(* Let $\tau:\mathcal A\to\mathcal A^+$ be a substitution satisfying the standing assumptions below, with one-sided subshift $(X_\tau,\sigma)$. Then: (i) every $y\in\tau(X_\tau)$ can be written in exactly one way as $y=\tau(x)$ with $x\in X_\tau$; (ii) every $y\in X_\tau\setminus\tau(X_\tau)$ can be written as $y=\sigma^k(\tau(x))$ with $x=x_0x_1\ldots\in X_\tau$ and $0<k<|\tau(x_0)|$, and in any such representation $\sigma(x)$ is uniquely determined by $y$ (i.e. if $y=\sigma^k(\tau(x))=\sigma^{k'}(\tau(x'))$ with $0<k<|\tau(x_0)|$ and $0<k'<|\tau(x'_0)|$, then $\sigma(x)=\sigma(x')$).
   Context: $\mathcal A$ is a finite alphabet, $\mathcal A^+$ the set of finite words over $\mathcal A$; for a word $w$, $|w|$ is its length and $w_{[i,j]}=w_i\cdots w_j$. A substitution $\tau:\mathcal A\to\mathcal A^+$ is extended to words and to one-sided sequences $x=x_0x_1\ldots\in\mathcal A^{\mathbb N}$ by concatenation, $\tau(x)=\tau(x_0)\tau(x_1)\cdots$. $\sigma$ is the left shift on $\mathcal A^{\mathbb N}$ (product of discrete topologies). A fixed point is $u\in\mathcal A^{\mathbb N}$ with $\tau(u)=u$, and $X_\tau$ is the closure of $\{\sigma^n(u):n\ge0\}$. Standing assumptions: $\tau$ is primitive (some $k$ such that every letter occurs in $\tau^k(a)$ for every $a$), $X_\tau$ is aperiodic (infinite), $\tau$ has a fixed point $u$, $\tau$ is (unilaterally) recognizable, and every power $\tau^n$ ($n\ge1$) is injective on letters. Recognizable means: with $E=\{0\}\cup\{|\tau(u_{[0,p-1]})|:p>0\}$, there is $L$ such that whenever $u_{[i,i+L-1]}=u_{[j,j+L-1]}$ and $i\in E$, then $j\in E$. *)

theory Defs
  imports Main
begin

definition subst_word :: "('a \<Rightarrow> 'a list) \<Rightarrow> 'a list \<Rightarrow> 'a list" where
  "subst_word \<tau> w = concat (map \<tau> w)"

definition pref :: "(nat \<Rightarrow> 'a) \<Rightarrow> nat \<Rightarrow> 'a list" where
  "pref x p = map x [0..<p]"

text \<open>Concatenation tau(x) = tau(x_0) tau(x_1) ... (for a substitution with nonempty images):
  the n-th letter lies in the block of the least p with |tau(x_[0,p])| > n.\<close>
definition subst_seq :: "('a \<Rightarrow> 'a list) \<Rightarrow> (nat \<Rightarrow> 'a) \<Rightarrow> (nat \<Rightarrow> 'a)" where
  "subst_seq \<tau> x n =
     (let p = (LEAST p. n < length (subst_word \<tau> (pref x (Suc p)))) in
        \<tau> (x p) ! (n - length (subst_word \<tau> (pref x p))))"

definition shift :: "nat \<Rightarrow> (nat \<Rightarrow> 'a) \<Rightarrow> (nat \<Rightarrow> 'a)" where
  "shift k x = (\<lambda>n. x (n + k))"

text \<open>Closure of the orbit of u in the product of discrete topologies, unfolded via the
  cylinder-set basis: y is in the closure iff every cylinder around y meets the orbit.\<close>
definition subshift :: "(nat \<Rightarrow> 'a) \<Rightarrow> (nat \<Rightarrow> 'a) set" where
  "subshift u = {y. \<forall>N. \<exists>n. \<forall>i<N. u (n + i) = y i}"

definition primitive :: "('a \<Rightarrow> 'a list) \<Rightarrow> bool" where
  "primitive \<tau> \<longleftrightarrow> (\<exists>k. \<forall>a b. b \<in> set ((subst_word \<tau> ^^ k) [a]))"

definition recog_set :: "('a \<Rightarrow> 'a list) \<Rightarrow> (nat \<Rightarrow> 'a) \<Rightarrow> nat set" where
  "recog_set \<tau> u = {0} \<union> {length (subst_word \<tau> (pref u p)) | p. p > 0}"

definition recognizable :: "('a \<Rightarrow> 'a list) \<Rightarrow> (nat \<Rightarrow> 'a) \<Rightarrow> bool" where
  "recognizable \<tau> u \<longleftrightarrow> (\<exists>L. \<forall>i j. (\<forall>t<L. u (i + t) = u (j + t)) \<and> i \<in> recog_set \<tau> u
        \<longrightarrow> j \<in> recog_set \<tau> u)"

end

theory Submission
  imports Defs "HOL-Library.Infinite_Set"
begin

(* Let y = \<sigma>^k(\<tau>(x)) with x \<in> X. Recognizability makes the cutting points of \<tau>(x) visible in y:
   m + k is one of them iff the window y[m, m+L) occurs in u at a cutting point of u (and then it
   does so at every occurrence). So y determines the cut set, hence the blocks \<tau>(x_i) lying inside
   y, hence, \<tau> being injective on letters, the letters x_i (all of them if k = 0, those with
   i \<ge> 1 otherwise).
   Existence uses compactness instead: every prefix of y occurs in u = \<tau>(u), hence in some
   \<sigma>^t(\<tau>(z)) with z a shift of u and t < |\<tau>(z_0)|; for a value of t occurring infinitely
   often, a limit point of these z is the required x. *)

lemma strict_mono_le_of_range_subset:
  fixes f g :: "nat \<Rightarrow> 'a::linorder"
  assumes f: "strict_mono f" and g: "strict_mono g" and sub: "range f \<subseteq> range g"
  shows "g i \<le> f i"
proof (induction i)
  case 0
  obtain m where "f 0 = g m" using sub by blast
  then show ?case using strict_mono_less_eq[OF g, of 0 m] by simp
next
  case (Suc i)
  obtain m where m: "f (Suc i) = g m" using sub by blast
  obtain m' where m': "f i = g m'" using sub by blast
  have "g m' < g m" using m m' strict_monoD[OF f, of i "Suc i"] by simp
  then have "m' < m" using strict_mono_less[OF g] by blast
  moreover have "i \<le> m'" using Suc.IH m' strict_mono_less_eq[OF g] by simp
  ultimately show ?case using m strict_mono_less_eq[OF g, of "Suc i" m] by simp
qed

> [About this task]: Go through the material above line by line and tally each one holding "orbit"; give the tally and nothing else.

> [Solution to this task]: 2